Look through the data below. Collect every line where the word "that" occurs.
━━━━━━━━
(* There exist positive constants $h_0$ and $C_0$, independent of $n$ and of the potential $a$, such that for every bounded measurable $a:[0,1]\to[0,\infty)$, every $N\ge1$ with $h=1/(N+1)\in(0,h_0)$, and every $1\le n\le N$, $$\left(\mu_h^n+\frac1{h^2}\right)\left|\frac{\phi_1^n}{\sqrt{\mu_h^n}}\right|^2\le C_0\left(1+\frac{\|a\|^2_{L^\infty(0,1)}}{\mu_h^n}\right),$$ where $\Psi_h^n=[\phi^n_j]_{1\le j\le N}\in\mathbb{R}^N$ is an eigenvector of $M_h^{-1}(K_h+L_h)$ for the eigenvalue $\mu_h^n$, normalized by $\langle M_h\Psi_h^n,\Psi_h^n\rangle=1$.
   Context: $h=1/(N+1)$, $x_j=jh$, $a_j=a(x_j)$; $K_h=\frac1h\mathrm{tridiag}(-1,2,-1)$, $M_h=\frac h4\mathrm{tridiag}(1,2,1)$, $L_h=h\,\mathrm{diag}(a_1,\dots,a_N)$. The eigenvalues $\mu_h^1<\dots<\mu_h^N$ of $M_h^{-1}(K_h+L_h)$ are real, simple and positive.
   Formalization: The norm $\|a\|_{L^\infty(0,1)}$ is replaced by the pointwise supremum of |a| over [0,1], not the essential supremum. The statement above fails without it. *)

theory Defs
  imports "HOL-Analysis.Analysis" "Jordan_Normal_Form.Char_Poly" "Jordan_Normal_Form.Gauss_Jordan_Elimination"
begin

text \<open>Matrices are N x N JNF matrices with 0-based indices; index i corresponds to j = i+1,
  grid point x_j = j h, h = 1/(N+1).\<close>

definition hN :: "nat \<Rightarrow> real" where
  "hN N = 1 / (real N + 1)"

definition K_h :: "nat \<Rightarrow> real mat" where
  "K_h N = mat N N (\<lambda>(i,j). (if i = j then 2 else if i = j + 1 \<or> j = i + 1 then -1 else 0) / hN N)"

definition M_h :: "nat \<Rightarrow> real mat" where
  "M_h N = mat N N (\<lambda>(i,j). hN N / 4 * (if i = j then 2 else if i = j + 1 \<or> j = i + 1 then 1 else 0))"

definition L_h :: "(real \<Rightarrow> real) \<Rightarrow> nat \<Rightarrow> real mat" where
  "L_h a N = mat N N (\<lambda>(i,j). if i = j then hN N * a (real (i + 1) * hN N) else 0)"

definition A_h :: "(real \<Rightarrow> real) \<Rightarrow> nat \<Rightarrow> real mat" where
  "A_h a N = the (mat_inverse (M_h N)) * (K_h N + L_h a N)"

definition mu_h :: "(real \<Rightarrow> real) \<Rightarrow> nat \<Rightarrow> nat \<Rightarrow> real" where
  "mu_h a N n = sorted_list_of_set {\<mu>. eigenvalue (A_h a N) \<mu>} ! (n - 1)"

definition Linf_norm :: "(real \<Rightarrow> real) \<Rightarrow> real" where
  "Linf_norm a = Sup ((\<lambda>x. \<bar>a x\<bar>) ` {0..1})"

end

theory Submission
  imports Defs
begin
theorem proposition4p2:
  fixes I J :: nat
    and eta1 eps1 gam1 eta2 eps2 gam2 \<alpha> \<beta> \<rho> :: real
    and e1 e2 :: "nat \<Rightarrow> nat \<Rightarrow> real"
  assumes I3: "I \<ge> 3" and J3: "J \<ge> 3"
    and R1nz: "\<And>i. 2 \<le> i \<Longrightarrow> i \<le> I - 1 \<Longrightarrow> R1 eta1 eps1 gam1 i \<noteq> 0"
    and R2nz: "\<And>j. 2 \<le> j \<Longrightarrow> j \<le> J - 1 \<Longrightarrow> R2 eta2 eps2 gam2 J j \<noteq> 0"
    and A: "(\<alpha> + 1) * R1 eta1 eps1 gam1 (I - 1) + (eta1 - eps1) \<noteq> 0"
    and B: "(\<beta> - 1) * R2 eta2 eps2 gam2 J 2 + (eta2 + eps2) \<noteq> 0"
    and bc1: "\<And>m. m \<ge> 1 \<Longrightarrow> e1 m 1 = 0"
    and int1: "\<And>m i. m \<ge> 1 \<Longrightarrow> 2 \<le> i \<Longrightarrow> i \<le> I - 1 \<Longrightarrow>
        - (eta1 + eps1) * e1 m (i - 1) + (1 + 2*eps1 + gam1) * e1 m i
          + (eta1 - eps1) * e1 m (i + 1) = 0"
    and if1: "\<And>m. m \<ge> 1 \<Longrightarrow>
        (e1 m I - e1 m (I - 1)) + \<alpha> * e1 m I
          = (e2 (m - 1) 2 - e2 (m - 1) 1) + \<alpha> * e2 (m - 1) 2"
    and bc2: "\<And>m. m \<ge> 1 \<Longrightarrow> e2 m J = 0"
    and int2: "\<And>m j. m \<ge> 1 \<Longrightarrow> 2 \<le> j \<Longrightarrow> j \<le> J - 1 \<Longrightarrow>
        - (eta2 + eps2) * e2 m (j - 1) + (1 + 2*eps2 + gam2) * e2 m j
          + (eta2 - eps2) * e2 m (j + 1) = 0"
    and if2: "\<And>m. m \<ge> 1 \<Longrightarrow>
        (e2 m 2 - e2 m 1) + \<beta> * e2 m 1
          = (e1 (m - 1) I - e1 (m - 1) (I - 1)) + \<beta> * e1 (m - 1) (I - 1)"
    and rho: "\<rho> = - (((\<alpha> + 1) * (eta2 + eps2) - R2 eta2 eps2 gam2 J 2)
                     / ((\<alpha> + 1) * R1 eta1 eps1 gam1 (I - 1) + eta1 - eps1))
                 * (((\<beta> - 1) * (eta1 - eps1) - R1 eta1 eps1 gam1 (I - 1))
                     / ((\<beta> - 1) * R2 eta2 eps2 gam2 J 2 + eta2 + eps2))"
  shows "\<forall>m \<ge> 1. (\<forall>i. 1 \<le> i \<and> i \<le> I \<longrightarrow> e1 (m + 2) i = \<rho> * e1 m i)
                 \<and> (\<forall>j. 1 \<le> j \<and> j \<le> J \<longrightarrow> e2 (m + 2) j = \<rho> * e2 m j)"
proof (intro allI impI)
  fix m :: nat
  assume m: "m \<ge> 1"
  have rows1: "stencil_zero eta1 eps1 gam1 (e1 n) i" if "n \<ge> 1" "2 \<le> i" "i \<le> I - 1" for n i
    using int1[OF that] unfolding stencil_zero_def .
  have rows2: "stencil_zero eta2 eps2 gam2 (e2 n) j" if "n \<ge> 1" "2 \<le> j" "j \<le> J - 1" for n j
    using int2[OF that] unfolding stencil_zero_def .
  have elim1: "R1 eta1 eps1 gam1 (I - 1) * e1 n (I - 1) + (eta1 - eps1) * e1 n I = 0" if "n \<ge> 1" for n
    using R1_forward_elimination[OF bc1[OF that] rows1[OF that] R1nz, where i="I - 1"] I3 by simp
  have elim2: "R2 eta2 eps2 gam2 J 2 * e2 n 2 - (eta2 + eps2) * e2 n 1 = 0" if "n \<ge> 1" for n
    using R2_backward_elimination[OF bc2[OF that] rows2[OF that] R2nz, where j=2] J3 by simp
  have pivots: "R1 eta1 eps1 gam1 (I - 1) \<noteq> 0" "R2 eta2 eps2 gam2 J 2 \<noteq> 0"
    using R1nz R2nz I3 J3 by auto
  have rho': "\<rho> = - (((\<alpha> + 1) * (eta2 + eps2) - R2 eta2 eps2 gam2 J 2)
                  / ((\<alpha> + 1) * R1 eta1 eps1 gam1 (I - 1) + (eta1 - eps1)))
              * (((\<beta> - 1) * (eta1 - eps1) - R1 eta1 eps1 gam1 (I - 1))
                  / ((\<beta> - 1) * R2 eta2 eps2 gam2 J 2 + (eta2 + eps2)))"
    unfolding rho by (simp only: add_diff_eq add.assoc)
  note two_step = interface_values_two_step[where u="\<lambda>n. e1 n I" and u'="\<lambda>n. e1 n (I - 1)"
      and v="\<lambda>n. e2 n 1" and v'="\<lambda>n. e2 n 2", OF pivots A B elim1 elim2 if1 if2 m, folded rho']
  have iface: "e1 (m + 2) I = \<rho> * e1 m I" "e2 (m + 2) 1 = \<rho> * e2 m 1"
    using two_step by simp_all
  show "(\<forall>i. 1 \<le> i \<and> i \<le> I \<longrightarrow> e1 (m + 2) i = \<rho> * e1 m i)
      \<and> (\<forall>j. 1 \<le> j \<and> j \<le> J \<longrightarrow> e2 (m + 2) j = \<rho> * e2 m j)"
  proof (intro allI impI conjI)
    show "e1 (m + 2) i = \<rho> * e1 m i" if "1 \<le> i \<and> i \<le> I" for i
      using R1_solutions_proportional[OF bc1 bc1[OF m] iface(1) rows1 rows1[OF m] R1nz] that
      by simp
    show "e2 (m + 2) j = \<rho> * e2 m j" if "1 \<le> j \<and> j \<le> J" for j
      using R2_solutions_proportional[OF iface(2) bc2 bc2[OF m] rows2 rows2[OF m] R2nz] that
      by simp
  qed
qed
text \<open>Symmetrically, if \<open>L\<close> is \<open>\<beta>\<^sup>-\<^sup>1\<close>-invariant, then after rewriting the word as
  \<open>\<sigma>\<^sub>2 \<sigma>\<^sub>3 \<sigma>\<^sub>1 \<sigma>\<^sub>2\<close>, \<open>L\<close> contracted on the last two factors moves through \<open>\<sigma>\<^sub>2 \<sigma>\<^sub>3\<close> and \<open>\<sigma>\<^sub>1 \<sigma>\<^sub>2\<close>.\<close>
lemma braid_swap_of_beta_inv_inv:
  assumes K: "lin_on (Tn 2) K" and L: "lin_on (Tn 2) L"
    and inv: "beta_inv_inv b 2 0 (scal L)" and z: "z \<in> Tn 4"
  shows "ftmap 2 2 K L (on23_4 b (on12_4 b (on34_4 b (on23_4 b z)))) = ftmap 2 2 L K z"
proof -
  let ?t = "on12 b \<circ> on23 b"
  have t: "lin_map 3 3 ?t" by (rule lin_map_comp[OF braid_lin_maps(2,1)])
  have u: "tmap 3 1 ?t id z \<in> Tn 4" by (rule lin_map_into[OF first3_lin_map[OF t] z]) simp
  have t_u: "tmap 1 3 id ?t (tmap 3 1 ?t id z) \<in> Tn 4" by (rule lin_map_into[OF last3_lin_map[OF t] u]) simp
  have cL: "lin_on (Tn 3) (on12 (scal L))" "lin_on (Tn 3) (on23 (scal L))"
    by (simp_all add: lin_on_tmap lin_map_lin[OF lin_map_scal[OF L]] lin_on_id)
  have moveL: "\<And>x. x \<in> Tn 3 \<Longrightarrow> on23 (scal L) (?t x) = on12 (scal L) x"
    using beta_inv_inv_contraction[OF inv] by simp
  have "on12_4 b (on34_4 b (on23_4 b z)) = on34_4 b (on12_4 b (on23_4 b z))"
    by (rule braid_13[OF lin_map_into[OF braid_lin_maps(4) z]])
  then have "ftmap 2 2 K L (on23_4 b (on12_4 b (on34_4 b (on23_4 b z))))
      = ftmap 2 2 K L (tmap 1 3 id ?t (tmap 3 1 ?t id z))"
    by (simp only: braid_12[OF z] braid_23[OF u])
  also have "\<dots> = K (tmap 1 3 id (on23 (scal L)) (tmap 1 3 id ?t (tmap 3 1 ?t id z)))"
    by (rule ftmap_contract_second[OF K L t_u])
  also have "\<dots> = K (tmap 1 3 id (on12 (scal L)) (tmap 3 1 ?t id z))"
    by (subst tmap_fuse[OF lin_on_id cL(2) lin_map_id t _ moveL]) (use u in simp_all)
  also have "\<dots> = K (tmap 3 1 (on23 (scal L)) id (tmap 3 1 ?t id z))"
    by (simp only: on23_4_regroup[OF lin_map_lin[OF lin_map_scal[OF L]] u])
  also have "\<dots> = K (tmap 3 1 (on12 (scal L)) id z)"
    by (subst tmap_fuse[OF cL(2) lin_on_id t lin_map_id moveL]) (simp_all add: z)
  also have "\<dots> = ftmap 2 2 L K z"
    by (rule ftmap_contract_first[OF L K z, symmetric])
  finally show ?thesis .
qed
━━━━━━━━
ANSWER SPACE =>
(* There exist positive constants $h_0$ and $C_0$, independent of $n$ and of the potential $a$, such that for every bounded measurable $a:[0,1]\to[0,\infty)$, every $N\ge1$ with $h=1/(N+1)\in(0,h_0)$, and every $1\le n\le N$, $$\left(\mu_h^n+\frac1{h^2}\right)\left|\frac{\phi_1^n}{\sqrt{\mu_h^n}}\right|^2\le C_0\left(1+\frac{\|a\|^2_{L^\infty(0,1)}}{\mu_h^n}\right),$$ where $\Psi_h^n=[\phi^n_j]_{1\le j\le N}\in\mathbb{R}^N$ is an eigenvector of $M_h^{-1}(K_h+L_h)$ for the eigenvalue $\mu_h^n$, normalized by $\langle M_h\Psi_h^n,\Psi_h^n\rangle=1$.
    using int1[OF that] unfolding stencil_zero_def .
    using int2[OF that] unfolding stencil_zero_def .
    using R1_forward_elimination[OF bc1[OF that] rows1[OF that] R1nz, where i="I - 1"] I3 by simp
    using R2_backward_elimination[OF bc2[OF that] rows2[OF that] R2nz, where j=2] J3 by simp
      using R1_solutions_proportional[OF bc1 bc1[OF m] iface(1) rows1 rows1[OF m] R1nz] that
      using R2_solutions_proportional[OF iface(2) bc2 bc2[OF m] rows2 rows2[OF m] R2nz] that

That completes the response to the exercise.